_What needs to be done_
Where in the records does the word "open" appear? Copy each line that holds it.

- - -

(* Let $A_0B_0C_0$ be a triangle, $P$ a fixed point, and $\{A_kB_kC_k\}_{k\ge 0}$ a chain of Miquel triangles with Miquel point $P$, all nondegenerate and with $P$ on none of their side lines. Then: (a) If $P$ is the first Brocard point of $A_0B_0C_0$, then $P$ is the first Brocard point of every $A_kB_kC_k$ and $A_0B_0C_0\sim A_kB_kC_k$ for all $k\ge 1$. (b) If $P$ is the second Brocard point of $A_0B_0C_0$, then $P$ is the second Brocard point of every $A_kB_kC_k$ and $A_0B_0C_0\sim A_kB_kC_k$ for all $k\ge 1$. (c) If $P$ is the circumcenter of $A_0B_0C_0$ or one of the points $S_{A_0},S_{B_0},S_{C_0}$, then $A_0B_0C_0\sim A_kB_kC_k$ for every $k\equiv 0\pmod 3$ and every $k\equiv 1\pmod 3$. (d) If $P$ is the orthocenter of $A_0B_0C_0$ or one of the points $M_{A_0},M_{B_0},M_{C_0}$, then $A_0B_0C_0\sim A_kB_kC_k$ for every $k\equiv 2\pmod 3$ and every $k\equiv 0\pmod 3$.
   Context: Miquel triangle: given a triangle $ABC$ and a point $P$ not on the lines $BC,CA,AB$, a triangle $XYZ$ with $X$ on line $BC$, $Y$ on line $CA$, $Z$ on line $AB$ is a Miquel triangle of $P$ relative to $ABC$ if $P$ lies on the circles through $A,Y,Z$, through $B,Z,X$, and through $C,X,Y$. Chain: for each $k\ge 0$, $A_{k+1}\in$ line $B_kC_k$, $B_{k+1}\in$ line $C_kA_k$, $C_{k+1}\in$ line $A_kB_k$, and $A_{k+1}B_{k+1}C_{k+1}$ is a Miquel triangle of $P$ relative to $A_kB_kC_k$. "$\sim$" means similarity of triangles (as unlabeled triangles). First Brocard point of $ABC$: point $P$ with $\angle BAP=\angle CBP=\angle ACP$; second: $\angle PAC=\angle PBA=\angle PCB$. With $O$ the circumcenter of $ABC$: $S_A$ is the point where the ray from $A$ along the symmedian from $A$ (reflection of the median in the angle bisector) meets the arc $BC$ of the circle through $B,C,O$ containing $O$; $S_B,S_C$ analogously. $M_A$ (for $\angle A\ne 90^\circ$, $E$ the midpoint of $BC$): if $\angle A<90^\circ$, with $F$ the second intersection of line $AE$ with the circumcircle of $ABC$, $M_A$ is the point on segment $AE$ with $EM_A=EF$; if $\angle A>90^\circ$, with $F$ such that $ABFC$ is a parallelogram, $M_A$ is the second intersection of line $AE$ with the circumcircle of $FBC$; $M_B,M_C$ analogously. *)

theory Defs
  imports "HOL-Analysis.Analysis"
begin

text \<open>Points of the Euclidean plane are modelled as complex numbers.\<close>

definition vangle :: "complex \<Rightarrow> complex \<Rightarrow> real" where
  "vangle u v = arccos (inner u v / (norm u * norm v))"

text \<open>ang X V Y is the (unoriented, in [0,pi]) angle XVY at vertex V.\<close>
definition ang :: "complex \<Rightarrow> complex \<Rightarrow> complex \<Rightarrow> real" where
  "ang X V Y = vangle (X - V) (Y - V)"

definition nondeg_triangle :: "complex \<Rightarrow> complex \<Rightarrow> complex \<Rightarrow> bool" where
  "nondeg_triangle A B C \<longleftrightarrow> \<not> collinear {A, B, C}"

definition on_line :: "complex \<Rightarrow> complex \<Rightarrow> complex \<Rightarrow> bool" where
  "on_line X U V \<longleftrightarrow> collinear {U, V, X}"

definition on_circle3 :: "complex \<Rightarrow> complex \<Rightarrow> complex \<Rightarrow> complex \<Rightarrow> bool" where
  "on_circle3 P U V W \<longleftrightarrow> \<not> collinear {U, V, W} \<and>
     (\<exists>c. dist c U = dist c V \<and> dist c U = dist c W \<and> dist c U = dist c P)"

- - -

_Expected answer_
text \<open>Points of the Euclidean plane are modelled as complex numbers.\<close>
text \<open>ang X V Y is the (unoriented, in [0,pi]) angle XVY at vertex V.\<close>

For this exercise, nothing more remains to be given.